First introduced in the 1940s, air polishing has changed noticeably since its inception, thanks mainly to advances in materials science. Compared to polishing with a prophy cup and paste, air polishing eliminates the need for direct tooth contact or pressure against the tooth, along with any discomfort from potential heat generated with prophy cups. This technique also offers more efficient biofilm removal, easier access into pits and fissures, and a less abrasive nature than pumice or prophy pastes.

Air polishing was developed in the early 1970s as a technique for fast and efficient removal of extrinsic stains, plaque and other soft deposits from the teeth. It was designed to replace the prophy cup method and has been shown to save more than 50% of the clinical time spent on this tedious procedure. The technique was widely acclaimed when introduced, but this initial enthusiasm was somewhat tempered when it was found that the early technology resulted in frequent clogging problems with the system and the need for frequent servicing and maintenance.

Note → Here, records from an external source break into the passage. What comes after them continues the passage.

lemma delta_double_step:
  assumes "set l \<subseteq> {B, C, D}"
  shows "2 * delta (a_word l) \<le> delta (a_word (double_step l))"
proof -
  let ?P = "suffix_points (a_word l)"
  let ?g = "\<lambda>q. prepend False (gact C q)"
  have "prepend True ` ?P \<union> ?g ` ?P \<subseteq> suffix_points (a_word (double_step l))"
    using suffix_points_double_step[OF assms] by blast
  moreover have "card (prepend True ` ?P \<union> ?g ` ?P) = card ?P + card ?P"
  proof -
    have "inj_on (prepend True) ?P"
      by (simp add: inj_on_def)
    moreover have "inj_on ?g ?P"
      by (rule inj_onI) (metis gact_C_C prepend_eq_iff)
    moreover have "prepend True ` ?P \<inter> ?g ` ?P = {}"
      by auto
    ultimately show ?thesis
      by (simp add: card_Un_disjoint card_image)
  qed
  ultimately have "card ?P + card ?P \<le> card (suffix_points (a_word (double_step l)))"
    by (metis card_mono finite_suffix_points)
  then show ?thesis
    by (simp add: delta_eq_card)
qed

fun doubling_word :: "nat \<Rightarrow> gen list" where
  "doubling_word 0 = []"
| "doubling_word (Suc k) = double_step (doubling_word k)"

lemma set_doubling_word: "set (doubling_word k) \<subseteq> {B, C, D}"
proof -
  have "set (lift_gen g) \<subseteq> {B, C, D}" for g
    by (cases g) auto
  then show ?thesis
    by (induction k) (auto simp: double_step_def)
qed

lemma delta_doubling_word: "2^k \<le> delta (a_word (doubling_word k))"
proof (induction k)
  case 0
  show ?case using delta_pos[of "a_word (doubling_word 0)"] by simp
next
  case (Suc k)
  then show ?case using delta_double_step[OF set_doubling_word[of k]] by simp
qed

lemma exists_power_bracket:
  fixes L y :: real
  assumes "1 < L" "1 \<le> y"
  shows "\<exists>k. L^k \<le> y \<and> y < L^(Suc k)"
proof -
  define n where "n = (LEAST n. y < L^n)"
  obtain m where "y < L^m"
    using real_arch_pow[OF assms(1)] by blast
  then have n: "y < L^n"
    unfolding n_def by (rule LeastI)
  then obtain k where k: "n = Suc k"
    using assms(2) by (cases n) auto
  then have "\<not> y < L^k"
    using not_less_Least[of k "\<lambda>n. y < L^n"] by (simp add: n_def)
  with n k show ?thesis
    by (auto intro!: exI[of _ k])
qed

locale eta_root =
  fixes \<eta> :: real
  assumes eta_root: "\<eta>^3 + \<eta>^2 + \<eta> - 2 = 0"
begin

lemma eta_pos: "0 < \<eta>"
proof (rule ccontr)
  assume "\<not> 0 < \<eta>"
  moreover have "0 \<le> \<eta>^2 + \<eta> + 1"
    using zero_le_power2[of "\<eta> + 1/2"] by (simp add: power2_eq_square algebra_simps)
  ultimately have "\<eta> * (\<eta>^2 + \<eta> + 1) \<le> 0"
    by (simp add: mult_nonpos_nonneg)
  then show False
    using eta_root by (simp add: power3_eq_cube power2_eq_square algebra_simps)
qed
text \<open>The odd coordinates of the monomial force \<open>f\<close> to be a permutation of \<open>{..<N}\<close>,
  and then the even coordinates give \<open>ms ! r = w ! f r\<close>.\<close>
lemma mset_eq_if_linear_monomials_eq:
  fixes ms w :: "nat list"
  assumes len: "length ms = N" "length w = N" and pos: "0 \<notin> set ms" "0 \<notin> set w"
    and eq: "(\<Sum>r<N. linear_monomial (f r) (ms ! r)) = diagonal_monomial w"
  shows "mset ms = mset w"
proof (rule mset_eq_if_nth_reindex[OF len])
  have card_fibre: "card {r\<in>{..<N}. f r = l} = (if l < N then 1 else 0)" for l
  proof -
    have "Poly_Mapping.lookup (\<Sum>r<N. linear_monomial (f r) (ms ! r)) (2*l + 1) = card {r\<in>{..<N}. f r = l}"
      unfolding lookup_sum lookup_linear_monomial_odd by (simp flip: sum.inter_filter)
    moreover have "Poly_Mapping.lookup (diagonal_monomial w) (2*l + 1) = (if l < N then 1 else 0)"
      unfolding diagonal_monomial_def lookup_sum lookup_linear_monomial_odd using len by simp
    ultimately show ?thesis using eq by simp
  qed
  have into: "f r < N" if "r < N" for r
    using card_fibre[of "f r"] that by (auto split: if_splits)
  show inj: "inj_on f {..<N}"
  proof (rule inj_onI)
    fix r1 r2 assume r: "r1 \<in> {..<N}" "r2 \<in> {..<N}" "f r1 = f r2"
    have "card {r\<in>{..<N}. f r = f r1} = 1" using card_fibre[of "f r1"] into r by simp
    then obtain z where z: "{r\<in>{..<N}. f r = f r1} = {z}" by (auto simp: card_Suc_eq)
    have "r1 \<in> {z}" "r2 \<in> {z}" using r by (auto simp flip: z)
    then show "r1 = r2" by simp
  qed
  show "f ` {..<N} = {..<N}"
    by (rule endo_inj_surj) (use into inj in auto)
  show "ms ! r0 = w ! f r0" if r0: "r0 < N" for r0
  proof -
    have "Poly_Mapping.lookup (\<Sum>r<N. linear_monomial (f r) (ms ! r)) (2 * f r0)
        = (\<Sum>r<N. if r = r0 then ms ! r - 1 else 0)"
      unfolding lookup_sum lookup_linear_monomial_even
      by (rule sum.cong) (use inj r0 in \<open>auto simp: inj_on_def\<close>)
    moreover have "Poly_Mapping.lookup (diagonal_monomial w) (2 * f r0) = w ! f r0 - 1"
      using into[OF r0] len unfolding diagonal_monomial_def lookup_sum lookup_linear_monomial_even
      by simp
    moreover have "ms ! r0 \<noteq> 0"
      using pos(1) r0 len by (metis nth_mem)
    moreover have "w ! f r0 \<noteq> 0"
      using pos(2) into[OF r0] len by (metis nth_mem)
    ultimately show ?thesis using eq r0 by simp
  qed
qed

Air polishing units typically generate a stream of pressurized air, carrying specially graded particles of a mild soluble abrasive, such as sodium bicarbonate. The abrasive is directed, in the presence of a stream of water, at a tooth surface to be cleaned. The mixture of water and powderladed stream occurs on the tooth surface and forms a “slurry” that is responsible for the cleaning action.

Recent developments have brought new options to the market, including glycine, erythritol, calcium sodium phosphosilicate, calcium carbonate, and aluminum trihydroxide (to name a few). It’s not necessary to review each in detail, but it’s important that hygienists are generally educated on the many options now available for use.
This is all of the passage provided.